El viejo soltó una especie de ronquido de burla.
—¡Vaya con el asunto! Alguien te está jugando una broma. ¿Ya lo leíste?
—Unos cuantos capítulos. Debo confesar que está muy bien hecho. Fascinante, en realidad. Pero luego, viniendo de quién sabe de dónde, me llegó el relámpago y me regresé a la máquina de escribir. ¿Cómo esperas pasarte el día, papá?
—Friéndome en esta maldita playa, Ellery. Estoy tan aburrido que empiezo a morderme las uñas. Hijo, ¿no me permites que vuelva a la casa?
—Ni la menor probabilidad —le contestó Ellery—. Sigue friéndote. Te diré algo. ¿Cómo te agradaría leer un libro de Sherlock Holmes que no se ha publicado?
La voz del inspector Queen adquirió una nota de astucia.
—¡Ésa sí que es buena idea! Voy a llamar a la compañía de aviación para reservarme un asiento… puedo estar en Nueva York en muy poco tiempo…
—Eso sí que no. Te enviaré el manuscrito.
—¡Al cuerno con el manuscrito! —vociferó su padre.
—Hasta luego, papá —se despidió Ellery—. No se te olvide ponerte los anteojos oscuros en la playa.
Y cómete todo lo que te sirvan en tu plato.

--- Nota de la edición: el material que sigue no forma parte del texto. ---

(* Let $d\ge 1$, $s\in\mathbb{N}$, and let $\mathbf{u}\in\mathbb{C}^d$ have i.i.d. entries $u_j\sim\mathcal{CN}(0,1)$. For all $\mathbf{x},\mathbf{y}\in\mathbb{R}^d$, $$k_{2s}(\mathbf{x},\mathbf{y}):=\mathbb{E}\big[\,|\mathbf{x}^\top\mathbf{u}|^{2s}\,|\mathbf{y}^\top\mathbf{u}|^{2s}\,\big]=\sum_{i=0}^{s}(s!)^2\binom{s}{i}^2\,(\mathbf{x}^\top\mathbf{y})^{2i}\,\big(\|\mathbf{x}\|_2\|\mathbf{y}\|_2\big)^{2(s-i)} .$$ Equivalently, for nonzero $\mathbf{x},\mathbf{y}$ with $\cos\theta=\frac{\mathbf{x}^\top\mathbf{y}}{\|\mathbf{x}\|_2\|\mathbf{y}\|_2}$, $k_{2s}(\mathbf{x},\mathbf{y})=\|\mathbf{x}\|_2^{2s}\|\mathbf{y}\|_2^{2s}\sum_{i=0}^s(s!)^2\binom{s}{i}^2\cos^{2i}\theta$. Consequently, with $\mathbf{U}\in\mathbb{C}^{D\times d}$ having i.i.d. $\mathcal{CN}(0,1)$ entries and $\phi(\mathbf{x})=\frac{1}{\sqrt D}|\mathbf{U}\mathbf{x}|^{2s}$ (entrywise), $\phi(\mathbf{x})^\top\phi(\mathbf{y})\to k_{2s}(\mathbf{x},\mathbf{y})$ almost surely as $D\to\infty$.
   Context: $\mathcal{CN}(0,1)$ denotes the standard circularly-symmetric complex Gaussian distribution: $u=a+ib$ with $a,b$ independent real $\mathcal{N}(0,1/2)$, so $\mathbb{E}|u|^2=1$. For $\mathbf{x}\in\mathbb{R}^d$ and $\mathbf{u}\in\mathbb{C}^d$, $\mathbf{x}^\top\mathbf{u}=\sum_j x_j u_j$ (no conjugation). $\|\cdot\|_2$ is the Euclidean norm. The rows of $\mathbf{U}$ are i.i.d. copies of $\mathbf{u}$, and $|\cdot|^{2s}$ applied to a vector acts entrywise. *)

theory Defs
  imports "HOL-Probability.Probability"
begin

text \<open>Standard circularly-symmetric complex Gaussian CN(0,1): the law of a + i b
  with a, b independent real normal variables of mean 0 and variance 1/2.\<close>
definition std_complex_normal :: "complex measure" where
  "std_complex_normal =
     distr (density lborel (normal_density 0 (sqrt (1/2)))
            \<Otimes>\<^sub>M density lborel (normal_density 0 (sqrt (1/2))))
           borel (\<lambda>(a, b). Complex a b)"

definition rc_dot :: "real ^ 'd \<Rightarrow> ('d \<Rightarrow> complex) \<Rightarrow> complex" where
  "rc_dot x u = (\<Sum>j\<in>UNIV. complex_of_real (x $ j) * u j)"

end

theory Submission
  imports Defs "HOL-Computational_Algebra.Polynomial" "HOL-Library.Discrete_Functions"
begin

(*
  Write a = x^T u and b = y^T u. Gaussian integration by parts, E[u_j F(u)] = E[dF/d conj(u_j)],
  turns the mixed moments m(p, q, r, w) = E[a^p conj(a)^q b^r conj(b)^w] into a recursion:
  raising p (or r) by one removes one conjugate factor and brings in |x|^2, x^T y or |y|^2.
  Its solution counts Wick pairings and yields the closed form of m(s, s, s, s) = E[|a|^2s |b|^2s].
  The random-feature inner product is the empirical mean of the i.i.d. nonnegative variables
  |x^T U_k|^2s |y^T U_k|^2s, which have finite variance; Chebyshev and Borel-Cantelli give
  almost sure convergence along the squares, and monotonicity of the partial sums fills the gaps.
*)

section \<open>Gaussian integration by parts on the real line\<close>

definition centered_normal :: "real \<Rightarrow> real measure" where
  "centered_normal \<sigma> = density lborel (normal_density 0 \<sigma>)"

lemma sets_centered_normal [measurable_cong, simp]: "sets (centered_normal \<sigma>) = sets borel"
  by (simp add: centered_normal_def)

lemma space_centered_normal [simp]: "space (centered_normal \<sigma>) = UNIV"
  by (simp add: centered_normal_def)

context
  fixes \<sigma> :: real
  assumes \<sigma>_pos: "0 < \<sigma>"
begin

lemma prob_space_centered_normal: "prob_space (centered_normal \<sigma>)"
  unfolding centered_normal_def using \<sigma>_pos by (rule prob_space_normal_density)

lemma integrable_centered_normal_power: "integrable (centered_normal \<sigma>) (\<lambda>t. t ^ n)"
  unfolding centered_normal_def using integrable_normal_moment[OF \<sigma>_pos, of 0 n]
  by (subst integrable_density) auto

lemma integrable_centered_normal_abs_power: "integrable (centered_normal \<sigma>) (\<lambda>t. \<bar>t\<bar> ^ n)"
  unfolding centered_normal_def using integrable_normal_moment_abs[OF \<sigma>_pos, of 0 n]
  by (subst integrable_density) auto
lemma coherent_overlap_integrand:
  fixes r q :: real and \<alpha> \<beta> :: complex
  defines "k \<equiv> (exp r)\<^sup>2"
    and "qa \<equiv> sqrt 2 * Re \<alpha>" and "pa \<equiv> sqrt 2 * Im \<alpha>"
    and "qb \<equiv> sqrt 2 * Re \<beta>" and "pb \<equiv> sqrt 2 * Im \<beta>"
  shows "cnj (coherent \<beta> q) * displace \<alpha> (squeeze r vac) q =
    cis (pb * qb / 2 - pa * qa / 2) * complex_of_real (sqrt (2 * exp r / (1 + k)) * exp (- k * (qa - qb)\<^sup>2 / (2 * (1 + k)))) *
    (cis ((pa - pb) * q) * complex_of_real (normal_density ((qb + k * qa) / (1 + k)) (sqrt (1 / (1 + k))) q))"
proof -
  have k: "k > 0" by (simp add: k_def)
  have phase: "cnj (cis (pb * q - pb * qb / 2)) * cis (pa * q - pa * qa / 2) = cis (pb * qb / 2 - pa * qa / 2) * cis ((pa - pb) * q)"
    by (simp add: cis_cnj cis_mult algebra_simps)
  have sqrt_exp: "exp (r / 2) = sqrt (exp r)"
    by (rule real_sqrt_unique[symmetric]) (simp_all add: power2_eq_square exp_add[symmetric])
  have "pi powr (-1/4) * pi powr (-1/4) = pi powr (- (1/2))"
    using powr_add[of pi "-1/4" "-1/4", symmetric] by simp
  also have "\<dots> = 1 / sqrt pi"
    unfolding powr_minus_divide powr_half_sqrt[OF pi_ge_zero] ..
  finally have pi_powr: "pi powr (-1/4) * pi powr (-1/4) = 1 / sqrt pi" .
  have "(2 * exp r / (1 + k)) / (2 * pi * (1 / (1 + k))) = exp r / pi"
    using k by (simp add: divide_simps)
  then have const: "sqrt (2 * exp r / (1 + k)) * (1 / sqrt (2 * pi * (1 / (1 + k)))) = sqrt (exp r) / sqrt pi"
    by (metis real_sqrt_divide times_divide_eq_right mult_1_right)
  have exponent: "- (q - qb)\<^sup>2 / 2 + - (exp r * (q - qa))\<^sup>2 / 2 =
      - k * (qa - qb)\<^sup>2 / (2 * (1 + k)) + - (q - (qb + k * qa) / (1 + k))\<^sup>2 / (2 * (1 / (1 + k)))"
    using k unfolding power_mult_distrib k_def[symmetric] by (simp add: divide_simps power2_eq_square) algebra
  have "pi powr (-1/4) * exp (- (q - qb)\<^sup>2 / 2) * (exp (r / 2) * (pi powr (-1/4) * exp (- (exp r * (q - qa))\<^sup>2 / 2))) =
      (pi powr (-1/4) * pi powr (-1/4)) * exp (r / 2) * exp (- (q - qb)\<^sup>2 / 2 + - (exp r * (q - qa))\<^sup>2 / 2)"
    by (simp only: exp_add mult_ac)
  also have "\<dots> = sqrt (2 * exp r / (1 + k)) * (1 / sqrt (2 * pi * (1 / (1 + k)))) *
      exp (- k * (qa - qb)\<^sup>2 / (2 * (1 + k)) + - (q - (qb + k * qa) / (1 + k))\<^sup>2 / (2 * (1 / (1 + k))))"
    unfolding exponent pi_powr sqrt_exp const by simp
  also have "\<dots> = sqrt (2 * exp r / (1 + k)) * exp (- k * (qa - qb)\<^sup>2 / (2 * (1 + k))) *
      normal_density ((qb + k * qa) / (1 + k)) (sqrt (1 / (1 + k))) q"
    using k by (simp only: exp_add normal_density_def real_sqrt_pow2 mult_ac) simp
  finally have amplitude: "pi powr (-1/4) * exp (- (q - qb)\<^sup>2 / 2) * (exp (r / 2) * (pi powr (-1/4) * exp (- (exp r * (q - qa))\<^sup>2 / 2))) =
      sqrt (2 * exp r / (1 + k)) * exp (- k * (qa - qb)\<^sup>2 / (2 * (1 + k))) *
      normal_density ((qb + k * qa) / (1 + k)) (sqrt (1 / (1 + k))) q" .
  have "cnj (coherent \<beta> q) * displace \<alpha> (squeeze r vac) q =
      (cnj (cis (pb * q - pb * qb / 2)) * cis (pa * q - pa * qa / 2)) *
      complex_of_real (pi powr (-1/4) * exp (- (q - qb)\<^sup>2 / 2) * (exp (r / 2) * (pi powr (-1/4) * exp (- (exp r * (q - qa))\<^sup>2 / 2))))"
    by (simp add: coherent_def displace_def squeeze_def vac_def Let_def qa_def pa_def qb_def pb_def right_diff_distrib mult_ac)
  then show ?thesis
    unfolding phase amplitude by (simp add: mult_ac)
qed
(* Let $g,h\in G(\Gamma)$ and $v\in\Gamma$, and suppose $h$ does not end with $G(\mathrm{lk}(v))$. (1) If $h^{-1}$ begins with $G_v$ but $h^{-1}g$ does not begin with $G_v$, then there is a reduced word $g\equiv g_1\cdots g_n$ and some $m\le n$ such that $h\equiv g_1\cdots g_m$ and $g_m\in G_v$. (2) If $h^{-1}g$ begins with $G_v$ but $h^{-1}$ does not begin with $G_v$, then there is a reduced word $g\equiv g_1\cdots g_n$ and some $m<n$ such that $h\equiv g_1\cdots g_m$ and $g_{m+1}\in G_v$.
   Context: $G(\Gamma)$ is the graph product of groups $\{G_v\}_{v\in\Gamma}$ over a finite simplicial graph $\Gamma$ (the quotient of $\ast_vG_v$ by the normal subgroup generated by $[G_v,G_w]$ for edges $[vw]$). $\mathrm{lk}(v)$ is the set of vertices adjacent to $v$. Words, syllables, shuffles and reduced words are as usual for graph products: a word $(g_1,\dots,g_n)$, $g_i\in G_{v_i}$, is reduced if it cannot be shortened by swapping consecutive syllables from adjacent vertex groups, merging consecutive syllables from the same vertex group, or deleting identity syllables; $g\equiv g_1\cdots g_n$ means this is a reduced word for $g$, and reduced words of $g$ differ by shuffles. An element $g$ begins (resp. ends) with $G_v$ if some reduced word for $g$ has its first (resp. last) syllable in $G_v$; $g$ ends with $G(\mathrm{lk}(v))$ if some reduced word for $g$ has its last syllable in $G_w$ for some $w\in\mathrm{lk}(v)$. *)

theory Defs
  imports "HOL-Algebra.Group"
begin

text \<open>Graph product G(Gamma) over a finite simplicial graph with vertex set V and
adjacency E, vertex groups G v.  Elements are represented by words: lists of
syllables (v, x) with v in V and x in carrier (G v).  Two words represent the same
element iff they are related by the equivalence generated by the elementary moves
(swap adjacent syllables of adjacent vertices, merge syllables of the same vertex,
delete identity syllables).  Multiplication is concatenation.\<close>

type_synonym ('v, 'a) word = "('v \<times> 'a) list"

definition word_ok :: "'v set \<Rightarrow> ('v \<Rightarrow> 'a monoid) \<Rightarrow> ('v, 'a) word \<Rightarrow> bool" where
  "word_ok V G w \<longleftrightarrow> (\<forall>p \<in> set w. fst p \<in> V \<and> snd p \<in> carrier (G (fst p)))"

definition swap_step :: "'v set \<Rightarrow> ('v \<Rightarrow> 'v \<Rightarrow> bool) \<Rightarrow> ('v \<Rightarrow> 'a monoid)
    \<Rightarrow> ('v, 'a) word \<Rightarrow> ('v, 'a) word \<Rightarrow> bool" where
  "swap_step V E G w w' \<longleftrightarrow> word_ok V G w \<and>
     (\<exists>xs ys u a v b. E u v \<and> w = xs @ [(u,a),(v,b)] @ ys \<and> w' = xs @ [(v,b),(u,a)] @ ys)"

Colgó apresuradamente, apenas a tiempo…
Consultó el reloj. Tenía el mismo aspecto sangriento de la máquina de escribir.
Se encaminó al cuarto de baño, tomó un regaderazo y regresó ya en pijama. Lo primero que hizo en su estudio fue desconectar el teléfono. Lo segundo fue apoderarse del diario del doctor Watson.
Me pondrá a dormir, se dijo para sí mismo, maliciosamente.